Dataset entries:
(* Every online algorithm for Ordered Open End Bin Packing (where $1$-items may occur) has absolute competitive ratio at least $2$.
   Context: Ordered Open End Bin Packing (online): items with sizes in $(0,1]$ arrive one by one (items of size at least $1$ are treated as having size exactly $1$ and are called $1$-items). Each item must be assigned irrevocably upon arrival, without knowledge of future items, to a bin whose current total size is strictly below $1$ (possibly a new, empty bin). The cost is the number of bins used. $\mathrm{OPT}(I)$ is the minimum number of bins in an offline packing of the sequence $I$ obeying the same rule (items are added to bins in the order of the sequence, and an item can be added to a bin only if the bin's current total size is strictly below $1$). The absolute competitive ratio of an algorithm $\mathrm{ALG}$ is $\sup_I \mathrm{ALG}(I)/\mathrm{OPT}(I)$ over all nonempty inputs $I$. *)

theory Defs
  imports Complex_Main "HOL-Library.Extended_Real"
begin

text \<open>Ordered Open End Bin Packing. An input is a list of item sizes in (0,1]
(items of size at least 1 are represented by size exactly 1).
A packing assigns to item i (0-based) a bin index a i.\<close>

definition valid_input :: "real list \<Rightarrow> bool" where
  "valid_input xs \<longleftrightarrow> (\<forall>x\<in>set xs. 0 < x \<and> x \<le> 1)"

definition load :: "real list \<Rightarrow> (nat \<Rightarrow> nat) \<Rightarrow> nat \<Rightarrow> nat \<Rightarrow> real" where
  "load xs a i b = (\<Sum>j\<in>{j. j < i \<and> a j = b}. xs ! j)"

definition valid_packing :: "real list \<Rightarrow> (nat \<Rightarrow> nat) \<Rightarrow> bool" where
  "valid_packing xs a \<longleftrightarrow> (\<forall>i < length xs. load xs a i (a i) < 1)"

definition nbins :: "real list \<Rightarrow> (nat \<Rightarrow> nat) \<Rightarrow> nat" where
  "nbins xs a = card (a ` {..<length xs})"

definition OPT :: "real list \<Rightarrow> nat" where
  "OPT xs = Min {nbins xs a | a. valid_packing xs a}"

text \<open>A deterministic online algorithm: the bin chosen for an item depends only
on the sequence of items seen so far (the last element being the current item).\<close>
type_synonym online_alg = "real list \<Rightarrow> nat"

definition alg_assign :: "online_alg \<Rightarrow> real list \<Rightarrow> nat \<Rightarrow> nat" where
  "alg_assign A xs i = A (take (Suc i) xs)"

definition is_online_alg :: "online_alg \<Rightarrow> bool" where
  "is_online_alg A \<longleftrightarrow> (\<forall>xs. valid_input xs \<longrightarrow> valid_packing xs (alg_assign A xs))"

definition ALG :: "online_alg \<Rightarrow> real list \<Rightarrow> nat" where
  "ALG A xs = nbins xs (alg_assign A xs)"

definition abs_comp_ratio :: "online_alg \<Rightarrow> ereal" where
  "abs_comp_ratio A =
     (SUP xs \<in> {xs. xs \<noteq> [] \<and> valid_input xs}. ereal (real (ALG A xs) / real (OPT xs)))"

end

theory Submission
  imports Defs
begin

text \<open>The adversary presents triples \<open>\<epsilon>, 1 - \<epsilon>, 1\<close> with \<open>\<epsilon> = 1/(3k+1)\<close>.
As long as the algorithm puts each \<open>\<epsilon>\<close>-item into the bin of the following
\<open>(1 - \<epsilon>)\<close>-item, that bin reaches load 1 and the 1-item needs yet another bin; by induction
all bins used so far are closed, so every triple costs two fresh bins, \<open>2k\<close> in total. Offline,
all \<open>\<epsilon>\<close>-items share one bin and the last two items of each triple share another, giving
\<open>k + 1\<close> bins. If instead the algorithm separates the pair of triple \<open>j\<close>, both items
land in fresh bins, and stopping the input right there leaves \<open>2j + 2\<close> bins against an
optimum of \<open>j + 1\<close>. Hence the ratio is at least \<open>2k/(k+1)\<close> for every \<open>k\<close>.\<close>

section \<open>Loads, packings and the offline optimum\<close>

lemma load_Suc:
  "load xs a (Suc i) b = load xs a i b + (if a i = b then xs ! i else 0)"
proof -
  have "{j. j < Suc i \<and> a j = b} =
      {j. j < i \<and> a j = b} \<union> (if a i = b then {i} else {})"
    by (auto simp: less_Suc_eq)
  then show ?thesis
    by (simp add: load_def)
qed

==

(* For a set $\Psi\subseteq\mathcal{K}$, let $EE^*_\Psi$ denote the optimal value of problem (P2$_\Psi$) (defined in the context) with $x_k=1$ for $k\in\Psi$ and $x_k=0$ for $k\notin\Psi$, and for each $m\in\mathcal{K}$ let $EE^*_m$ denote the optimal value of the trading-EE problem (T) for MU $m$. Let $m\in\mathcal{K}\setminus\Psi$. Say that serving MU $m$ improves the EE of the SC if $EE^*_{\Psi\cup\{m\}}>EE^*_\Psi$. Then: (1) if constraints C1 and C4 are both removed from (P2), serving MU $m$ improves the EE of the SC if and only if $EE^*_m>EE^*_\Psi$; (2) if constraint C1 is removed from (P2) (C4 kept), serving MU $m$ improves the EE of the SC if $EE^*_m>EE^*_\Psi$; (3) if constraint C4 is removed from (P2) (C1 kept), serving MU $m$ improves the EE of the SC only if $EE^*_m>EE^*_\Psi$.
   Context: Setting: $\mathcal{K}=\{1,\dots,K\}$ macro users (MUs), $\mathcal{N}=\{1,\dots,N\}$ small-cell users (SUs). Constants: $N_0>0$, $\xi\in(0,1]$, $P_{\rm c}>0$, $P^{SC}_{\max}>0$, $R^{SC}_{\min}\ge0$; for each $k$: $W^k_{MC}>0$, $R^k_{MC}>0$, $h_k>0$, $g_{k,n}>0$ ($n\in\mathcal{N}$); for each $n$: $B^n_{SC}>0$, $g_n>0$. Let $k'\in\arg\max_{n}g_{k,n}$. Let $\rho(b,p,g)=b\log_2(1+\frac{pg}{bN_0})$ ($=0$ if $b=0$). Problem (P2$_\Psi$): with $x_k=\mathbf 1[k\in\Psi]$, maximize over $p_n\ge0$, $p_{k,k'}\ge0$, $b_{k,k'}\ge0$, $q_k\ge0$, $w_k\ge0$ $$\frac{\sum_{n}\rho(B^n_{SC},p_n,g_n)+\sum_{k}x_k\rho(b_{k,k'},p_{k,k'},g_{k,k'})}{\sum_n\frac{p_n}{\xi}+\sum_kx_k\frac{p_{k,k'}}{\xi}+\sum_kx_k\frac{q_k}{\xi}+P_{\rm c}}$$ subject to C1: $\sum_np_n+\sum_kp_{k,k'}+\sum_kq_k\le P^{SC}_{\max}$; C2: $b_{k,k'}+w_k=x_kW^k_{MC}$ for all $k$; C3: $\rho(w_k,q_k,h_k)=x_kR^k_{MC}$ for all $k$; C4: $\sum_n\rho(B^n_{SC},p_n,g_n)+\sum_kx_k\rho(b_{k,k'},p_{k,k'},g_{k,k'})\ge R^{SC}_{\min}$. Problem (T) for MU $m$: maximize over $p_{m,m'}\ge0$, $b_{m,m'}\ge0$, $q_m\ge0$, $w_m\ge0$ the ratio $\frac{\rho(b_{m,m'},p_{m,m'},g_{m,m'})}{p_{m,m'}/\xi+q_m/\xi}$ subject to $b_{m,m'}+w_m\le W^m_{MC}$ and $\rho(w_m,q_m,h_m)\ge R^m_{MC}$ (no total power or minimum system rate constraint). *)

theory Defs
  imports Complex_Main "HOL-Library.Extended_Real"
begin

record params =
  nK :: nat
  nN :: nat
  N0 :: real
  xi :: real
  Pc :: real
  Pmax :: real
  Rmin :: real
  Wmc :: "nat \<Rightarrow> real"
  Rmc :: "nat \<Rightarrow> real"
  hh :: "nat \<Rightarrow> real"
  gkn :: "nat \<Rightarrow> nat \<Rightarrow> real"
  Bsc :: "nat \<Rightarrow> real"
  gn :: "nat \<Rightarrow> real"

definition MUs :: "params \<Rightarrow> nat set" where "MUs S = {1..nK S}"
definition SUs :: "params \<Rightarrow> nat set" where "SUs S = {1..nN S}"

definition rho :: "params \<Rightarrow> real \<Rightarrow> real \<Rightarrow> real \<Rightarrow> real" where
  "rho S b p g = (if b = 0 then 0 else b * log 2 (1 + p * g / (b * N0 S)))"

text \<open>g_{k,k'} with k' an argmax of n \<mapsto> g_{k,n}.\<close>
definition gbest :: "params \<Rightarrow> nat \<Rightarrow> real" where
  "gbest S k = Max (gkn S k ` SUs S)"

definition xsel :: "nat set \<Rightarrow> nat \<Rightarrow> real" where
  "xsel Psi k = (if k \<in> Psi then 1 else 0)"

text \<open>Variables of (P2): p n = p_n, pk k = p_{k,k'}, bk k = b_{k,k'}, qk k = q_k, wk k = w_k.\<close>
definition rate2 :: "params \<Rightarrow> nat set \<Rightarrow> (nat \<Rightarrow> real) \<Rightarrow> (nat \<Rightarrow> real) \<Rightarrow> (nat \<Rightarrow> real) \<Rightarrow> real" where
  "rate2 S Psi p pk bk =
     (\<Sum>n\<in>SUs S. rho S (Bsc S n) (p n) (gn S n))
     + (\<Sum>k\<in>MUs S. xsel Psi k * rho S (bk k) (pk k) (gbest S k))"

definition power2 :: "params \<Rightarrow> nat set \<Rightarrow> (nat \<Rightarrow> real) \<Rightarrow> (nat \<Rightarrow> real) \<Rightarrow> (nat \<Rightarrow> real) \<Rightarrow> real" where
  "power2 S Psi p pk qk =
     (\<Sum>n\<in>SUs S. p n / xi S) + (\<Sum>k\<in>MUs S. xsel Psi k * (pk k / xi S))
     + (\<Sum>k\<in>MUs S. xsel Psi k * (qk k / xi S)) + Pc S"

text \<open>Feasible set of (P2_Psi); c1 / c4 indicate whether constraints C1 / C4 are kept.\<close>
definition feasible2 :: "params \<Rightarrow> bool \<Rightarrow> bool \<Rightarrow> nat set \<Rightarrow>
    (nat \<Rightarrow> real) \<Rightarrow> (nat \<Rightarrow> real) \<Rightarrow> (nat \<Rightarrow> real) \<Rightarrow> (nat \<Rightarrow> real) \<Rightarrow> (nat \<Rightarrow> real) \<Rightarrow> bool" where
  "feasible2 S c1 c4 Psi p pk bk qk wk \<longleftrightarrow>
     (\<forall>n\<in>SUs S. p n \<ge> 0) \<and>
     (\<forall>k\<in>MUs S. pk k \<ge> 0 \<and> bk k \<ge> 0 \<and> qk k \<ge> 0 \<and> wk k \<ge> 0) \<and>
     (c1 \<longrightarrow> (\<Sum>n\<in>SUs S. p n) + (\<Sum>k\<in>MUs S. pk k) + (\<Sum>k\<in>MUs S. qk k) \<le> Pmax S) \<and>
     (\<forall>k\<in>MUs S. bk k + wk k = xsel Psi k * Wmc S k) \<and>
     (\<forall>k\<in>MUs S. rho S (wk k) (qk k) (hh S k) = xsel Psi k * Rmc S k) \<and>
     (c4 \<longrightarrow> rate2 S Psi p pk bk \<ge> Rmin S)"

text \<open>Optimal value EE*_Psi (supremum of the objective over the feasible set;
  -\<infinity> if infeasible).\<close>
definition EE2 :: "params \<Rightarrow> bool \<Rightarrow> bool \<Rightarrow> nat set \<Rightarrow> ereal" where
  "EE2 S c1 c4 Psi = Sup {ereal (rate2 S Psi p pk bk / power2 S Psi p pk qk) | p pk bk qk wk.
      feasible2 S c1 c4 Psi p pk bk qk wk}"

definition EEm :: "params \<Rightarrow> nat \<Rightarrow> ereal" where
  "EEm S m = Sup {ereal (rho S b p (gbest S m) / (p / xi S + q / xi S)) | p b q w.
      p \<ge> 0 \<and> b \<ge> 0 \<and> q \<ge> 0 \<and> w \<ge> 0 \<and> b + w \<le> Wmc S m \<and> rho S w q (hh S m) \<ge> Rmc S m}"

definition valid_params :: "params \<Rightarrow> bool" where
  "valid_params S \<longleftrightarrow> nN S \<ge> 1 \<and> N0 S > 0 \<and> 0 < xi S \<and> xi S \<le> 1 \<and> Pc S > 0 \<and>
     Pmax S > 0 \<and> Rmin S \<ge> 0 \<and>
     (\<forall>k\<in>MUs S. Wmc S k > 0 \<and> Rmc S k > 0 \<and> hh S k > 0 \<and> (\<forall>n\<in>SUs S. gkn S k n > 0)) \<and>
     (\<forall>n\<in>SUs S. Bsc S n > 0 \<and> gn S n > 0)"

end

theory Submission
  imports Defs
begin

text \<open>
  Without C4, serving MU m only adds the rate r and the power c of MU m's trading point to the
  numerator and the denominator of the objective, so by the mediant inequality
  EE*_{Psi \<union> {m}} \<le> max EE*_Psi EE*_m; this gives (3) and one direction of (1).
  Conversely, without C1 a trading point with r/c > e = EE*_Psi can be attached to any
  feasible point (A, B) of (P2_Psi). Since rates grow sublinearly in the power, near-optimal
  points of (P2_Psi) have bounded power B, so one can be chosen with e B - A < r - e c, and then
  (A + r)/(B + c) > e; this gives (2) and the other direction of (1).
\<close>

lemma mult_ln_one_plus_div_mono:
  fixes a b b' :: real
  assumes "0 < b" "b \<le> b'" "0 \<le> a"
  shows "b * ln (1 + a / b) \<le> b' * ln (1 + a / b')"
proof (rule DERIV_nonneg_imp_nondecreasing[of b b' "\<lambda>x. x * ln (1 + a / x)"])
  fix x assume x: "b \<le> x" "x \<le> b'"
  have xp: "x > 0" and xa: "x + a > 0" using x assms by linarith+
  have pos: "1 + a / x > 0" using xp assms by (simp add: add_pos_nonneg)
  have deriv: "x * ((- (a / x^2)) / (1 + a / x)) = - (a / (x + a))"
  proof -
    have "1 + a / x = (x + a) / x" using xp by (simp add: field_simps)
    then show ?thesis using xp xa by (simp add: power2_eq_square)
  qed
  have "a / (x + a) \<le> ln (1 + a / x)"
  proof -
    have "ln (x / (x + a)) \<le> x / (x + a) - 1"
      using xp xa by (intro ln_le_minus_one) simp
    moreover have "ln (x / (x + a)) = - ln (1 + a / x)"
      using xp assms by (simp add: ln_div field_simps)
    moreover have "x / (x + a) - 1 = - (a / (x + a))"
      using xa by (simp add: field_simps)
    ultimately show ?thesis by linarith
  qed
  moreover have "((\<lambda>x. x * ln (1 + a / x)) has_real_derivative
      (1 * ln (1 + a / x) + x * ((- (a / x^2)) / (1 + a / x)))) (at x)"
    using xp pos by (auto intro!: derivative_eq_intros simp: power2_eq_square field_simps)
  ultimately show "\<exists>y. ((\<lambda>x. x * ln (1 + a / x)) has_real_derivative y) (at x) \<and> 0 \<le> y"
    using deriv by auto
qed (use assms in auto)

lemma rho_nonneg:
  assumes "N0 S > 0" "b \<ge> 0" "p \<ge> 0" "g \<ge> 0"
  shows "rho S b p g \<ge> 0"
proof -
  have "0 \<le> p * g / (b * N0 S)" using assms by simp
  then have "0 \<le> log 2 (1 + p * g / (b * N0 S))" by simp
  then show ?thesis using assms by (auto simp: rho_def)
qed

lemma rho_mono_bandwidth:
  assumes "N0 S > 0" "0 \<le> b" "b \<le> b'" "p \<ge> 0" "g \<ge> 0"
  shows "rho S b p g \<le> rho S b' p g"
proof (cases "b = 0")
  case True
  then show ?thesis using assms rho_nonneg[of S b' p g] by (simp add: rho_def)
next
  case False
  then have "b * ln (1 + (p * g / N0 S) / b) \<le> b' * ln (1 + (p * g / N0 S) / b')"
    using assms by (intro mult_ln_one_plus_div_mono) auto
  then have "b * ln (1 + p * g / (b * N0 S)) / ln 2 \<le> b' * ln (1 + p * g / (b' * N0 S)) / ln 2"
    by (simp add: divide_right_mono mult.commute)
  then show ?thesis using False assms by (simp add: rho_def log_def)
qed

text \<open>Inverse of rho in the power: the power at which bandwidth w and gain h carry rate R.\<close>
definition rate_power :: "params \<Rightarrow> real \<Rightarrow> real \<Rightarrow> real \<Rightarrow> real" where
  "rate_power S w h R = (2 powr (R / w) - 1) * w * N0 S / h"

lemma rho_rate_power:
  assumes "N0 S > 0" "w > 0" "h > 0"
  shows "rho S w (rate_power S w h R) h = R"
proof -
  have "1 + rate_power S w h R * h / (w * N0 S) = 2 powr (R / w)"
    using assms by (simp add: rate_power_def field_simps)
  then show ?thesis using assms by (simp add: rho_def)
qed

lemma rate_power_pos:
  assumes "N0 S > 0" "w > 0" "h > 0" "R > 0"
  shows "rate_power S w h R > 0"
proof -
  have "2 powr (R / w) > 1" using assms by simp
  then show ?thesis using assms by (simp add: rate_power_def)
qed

#### Activity
Set down, exactly as they stand above, the lines starting with the line with "text \<open>Feasible set" and going on through the line with "-\<infinity> if infeasible).\<close>", and no others.

#### Expected answer
text \<open>Feasible set of (P2_Psi); c1 / c4 indicate whether constraints C1 / C4 are kept.\<close>
definition feasible2 :: "params \<Rightarrow> bool \<Rightarrow> bool \<Rightarrow> nat set \<Rightarrow>
    (nat \<Rightarrow> real) \<Rightarrow> (nat \<Rightarrow> real) \<Rightarrow> (nat \<Rightarrow> real) \<Rightarrow> (nat \<Rightarrow> real) \<Rightarrow> (nat \<Rightarrow> real) \<Rightarrow> bool" where
  "feasible2 S c1 c4 Psi p pk bk qk wk \<longleftrightarrow>
     (\<forall>n\<in>SUs S. p n \<ge> 0) \<and>
     (\<forall>k\<in>MUs S. pk k \<ge> 0 \<and> bk k \<ge> 0 \<and> qk k \<ge> 0 \<and> wk k \<ge> 0) \<and>
     (c1 \<longrightarrow> (\<Sum>n\<in>SUs S. p n) + (\<Sum>k\<in>MUs S. pk k) + (\<Sum>k\<in>MUs S. qk k) \<le> Pmax S) \<and>
     (\<forall>k\<in>MUs S. bk k + wk k = xsel Psi k * Wmc S k) \<and>
     (\<forall>k\<in>MUs S. rho S (wk k) (qk k) (hh S k) = xsel Psi k * Rmc S k) \<and>
     (c4 \<longrightarrow> rate2 S Psi p pk bk \<ge> Rmin S)"

text \<open>Optimal value EE*_Psi (supremum of the objective over the feasible set;
  -\<infinity> if infeasible).\<close>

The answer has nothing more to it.